Data extracted from a collection:

text \<open>\<open>1/x\<close> (for nowhere vanishing \<open>x\<close>) is the unique zero of \<open>x t - 1\<close>.\<close>
lemma total_rec_inverse:
  assumes "total_rec n \<phi>" "\<And>xs. length xs = n \<Longrightarrow> \<phi> xs \<noteq> 0"
  shows "total_rec n (\<lambda>xs. 1 / \<phi> xs)"
proof -
  have z: "total_rec (n+1) (\<lambda>xs. \<phi> (butlast xs) * last xs - 1)"
    by (intro total_rec_diff total_rec_mult total_rec_last total_rec_butlast total_rec_const assms) auto
  show ?thesis
  proof (rule total_rec_MN[OF z])
    fix xs :: "real list" assume l: "length xs = n"
    have ne: "\<phi> xs \<noteq> 0" using assms(2)[OF l] .
    have eq: "\<phi> xs * t = 1 \<longleftrightarrow> t = 1 / \<phi> xs" for t using ne by (auto simp: field_simps)
    show "mn_value (\<lambda>t. \<phi> (butlast (xs @ [t])) * last (xs @ [t]) - 1) = Some (1 / \<phi> xs)"
    proof (cases "\<phi> xs > 0")
      case True
      then show ?thesis by simp (rule mn_value_pos, auto simp: eq)
    next
      case False
      then show ?thesis using ne by simp (rule mn_value_neg, auto simp: eq)
    qed
  qed
qed
text \<open>Uniqueness for the harmonic oscillator \<open>p' = q, q' = -p\<close>, \<open>(p,q)(0) = (0,1)\<close>: the energy
  \<open>(p - sin)\<^sup>2 + (q - cos)\<^sup>2\<close> has derivative 0 and vanishes at 0.\<close>
lemma sin_cos_unique:
  fixes p q :: "real \<Rightarrow> real"
  assumes ab: "a \<le> 0" "0 \<le> b"
    and Ip: "\<forall>\<tau>\<in>{a..b}. (q has_integral (p \<tau> - p a)) {a..\<tau>}"
    and Iq: "\<forall>\<tau>\<in>{a..b}. ((\<lambda>\<sigma>. - p \<sigma>) has_integral (q \<tau> - q a)) {a..\<tau>}"
    and init: "p 0 = 0" "q 0 = 1" and t: "t \<in> {a..b}"
  shows "p t = sin t \<and> q t = cos t"
proof -
  have pc: "continuous_on {a..b} p" by (rule integral_eq_continuous[OF Ip])
  have qc: "continuous_on {a..b} q" by (rule integral_eq_continuous[OF Iq])
  have pd: "(p has_real_derivative q x) (at x)" if "a < x" "x < b" for x
    by (rule integral_eq_deriv[OF Ip qc that])
  have qd: "(q has_real_derivative - p x) (at x)" if "a < x" "x < b" for x
    using integral_eq_deriv[OF Iq _ that] pc by (simp add: continuous_on_minus)
  define E where "E \<tau> = (p \<tau> - sin \<tau>) * (p \<tau> - sin \<tau>) + (q \<tau> - cos \<tau>) * (q \<tau> - cos \<tau>)" for \<tau>
  have E0: "E 0 = 0" unfolding E_def using init by simp
  have Et: "E t = 0"
  proof (cases "a < b")
    case True
    have Ec: "continuous_on {a..b} E" unfolding E_def by (intro continuous_intros pc qc)
    have Ed: "DERIV E x :> 0" if "a < x" "x < b" for x
    proof -
      have A: "DERIV (\<lambda>\<tau>. p \<tau> - sin \<tau>) x :> q x - cos x" by (rule DERIV_diff[OF pd[OF that] DERIV_sin])
      have B: "DERIV (\<lambda>\<tau>. q \<tau> - cos \<tau>) x :> - p x - - sin x" by (rule DERIV_diff[OF qd[OF that] DERIV_cos])
      have "DERIV E x :> ((q x - cos x) * (p x - sin x) + (q x - cos x) * (p x - sin x))
           + ((- p x - - sin x) * (q x - cos x) + (- p x - - sin x) * (q x - cos x))"
        unfolding E_def by (rule DERIV_add[OF DERIV_mult[OF A A] DERIV_mult[OF B B]])
      then show ?thesis by (simp add: algebra_simps)
    qed
    have "E t = E a" by (rule DERIV_isconst2[OF True Ec Ed]) (use t in auto)
    moreover have "E 0 = E a" by (rule DERIV_isconst2[OF True Ec Ed]) (use ab in auto)
    ultimately show ?thesis using E0 by simp
  next
    case False
    then have "t = 0" using ab t by auto
    then show ?thesis using E0 by simp
  qed
  then have "p t - sin t = 0 \<and> q t - cos t = 0" unfolding E_def by (rule iffD1[OF sum_squares_eq_zero_iff])
  then show ?thesis by simp
qed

■ Goal of the exercise ■
Every record here must be output exactly, word for word.

■ Exercise output ■
text \<open>\<open>1/x\<close> (for nowhere vanishing \<open>x\<close>) is the unique zero of \<open>x t - 1\<close>.\<close>
lemma total_rec_inverse:
  assumes "total_rec n \<phi>" "\<And>xs. length xs = n \<Longrightarrow> \<phi> xs \<noteq> 0"
  shows "total_rec n (\<lambda>xs. 1 / \<phi> xs)"
proof -
  have z: "total_rec (n+1) (\<lambda>xs. \<phi> (butlast xs) * last xs - 1)"
    by (intro total_rec_diff total_rec_mult total_rec_last total_rec_butlast total_rec_const assms) auto
  show ?thesis
  proof (rule total_rec_MN[OF z])
    fix xs :: "real list" assume l: "length xs = n"
    have ne: "\<phi> xs \<noteq> 0" using assms(2)[OF l] .
    have eq: "\<phi> xs * t = 1 \<longleftrightarrow> t = 1 / \<phi> xs" for t using ne by (auto simp: field_simps)
    show "mn_value (\<lambda>t. \<phi> (butlast (xs @ [t])) * last (xs @ [t]) - 1) = Some (1 / \<phi> xs)"
    proof (cases "\<phi> xs > 0")
      case True
      then show ?thesis by simp (rule mn_value_pos, auto simp: eq)
    next
      case False
      then show ?thesis using ne by simp (rule mn_value_neg, auto simp: eq)
    qed
  qed
qed
text \<open>Uniqueness for the harmonic oscillator \<open>p' = q, q' = -p\<close>, \<open>(p,q)(0) = (0,1)\<close>: the energy
  \<open>(p - sin)\<^sup>2 + (q - cos)\<^sup>2\<close> has derivative 0 and vanishes at 0.\<close>
lemma sin_cos_unique:
  fixes p q :: "real \<Rightarrow> real"
  assumes ab: "a \<le> 0" "0 \<le> b"
    and Ip: "\<forall>\<tau>\<in>{a..b}. (q has_integral (p \<tau> - p a)) {a..\<tau>}"
    and Iq: "\<forall>\<tau>\<in>{a..b}. ((\<lambda>\<sigma>. - p \<sigma>) has_integral (q \<tau> - q a)) {a..\<tau>}"
    and init: "p 0 = 0" "q 0 = 1" and t: "t \<in> {a..b}"
  shows "p t = sin t \<and> q t = cos t"
proof -
  have pc: "continuous_on {a..b} p" by (rule integral_eq_continuous[OF Ip])
  have qc: "continuous_on {a..b} q" by (rule integral_eq_continuous[OF Iq])
  have pd: "(p has_real_derivative q x) (at x)" if "a < x" "x < b" for x
    by (rule integral_eq_deriv[OF Ip qc that])
  have qd: "(q has_real_derivative - p x) (at x)" if "a < x" "x < b" for x
    using integral_eq_deriv[OF Iq _ that] pc by (simp add: continuous_on_minus)
  define E where "E \<tau> = (p \<tau> - sin \<tau>) * (p \<tau> - sin \<tau>) + (q \<tau> - cos \<tau>) * (q \<tau> - cos \<tau>)" for \<tau>
  have E0: "E 0 = 0" unfolding E_def using init by simp
  have Et: "E t = 0"
  proof (cases "a < b")
    case True
    have Ec: "continuous_on {a..b} E" unfolding E_def by (intro continuous_intros pc qc)
    have Ed: "DERIV E x :> 0" if "a < x" "x < b" for x
    proof -
      have A: "DERIV (\<lambda>\<tau>. p \<tau> - sin \<tau>) x :> q x - cos x" by (rule DERIV_diff[OF pd[OF that] DERIV_sin])
      have B: "DERIV (\<lambda>\<tau>. q \<tau> - cos \<tau>) x :> - p x - - sin x" by (rule DERIV_diff[OF qd[OF that] DERIV_cos])
      have "DERIV E x :> ((q x - cos x) * (p x - sin x) + (q x - cos x) * (p x - sin x))
           + ((- p x - - sin x) * (q x - cos x) + (- p x - - sin x) * (q x - cos x))"
        unfolding E_def by (rule DERIV_add[OF DERIV_mult[OF A A] DERIV_mult[OF B B]])
      then show ?thesis by (simp add: algebra_simps)
    qed
    have "E t = E a" by (rule DERIV_isconst2[OF True Ec Ed]) (use t in auto)
    moreover have "E 0 = E a" by (rule DERIV_isconst2[OF True Ec Ed]) (use ab in auto)
    ultimately show ?thesis using E0 by simp
  next
    case False
    then have "t = 0" using ab t by auto
    then show ?thesis using E0 by simp
  qed
  then have "p t - sin t = 0 \<and> q t - cos t = 0" unfolding E_def by (rule iffD1[OF sum_squares_eq_zero_iff])
  then show ?thesis by simp
qed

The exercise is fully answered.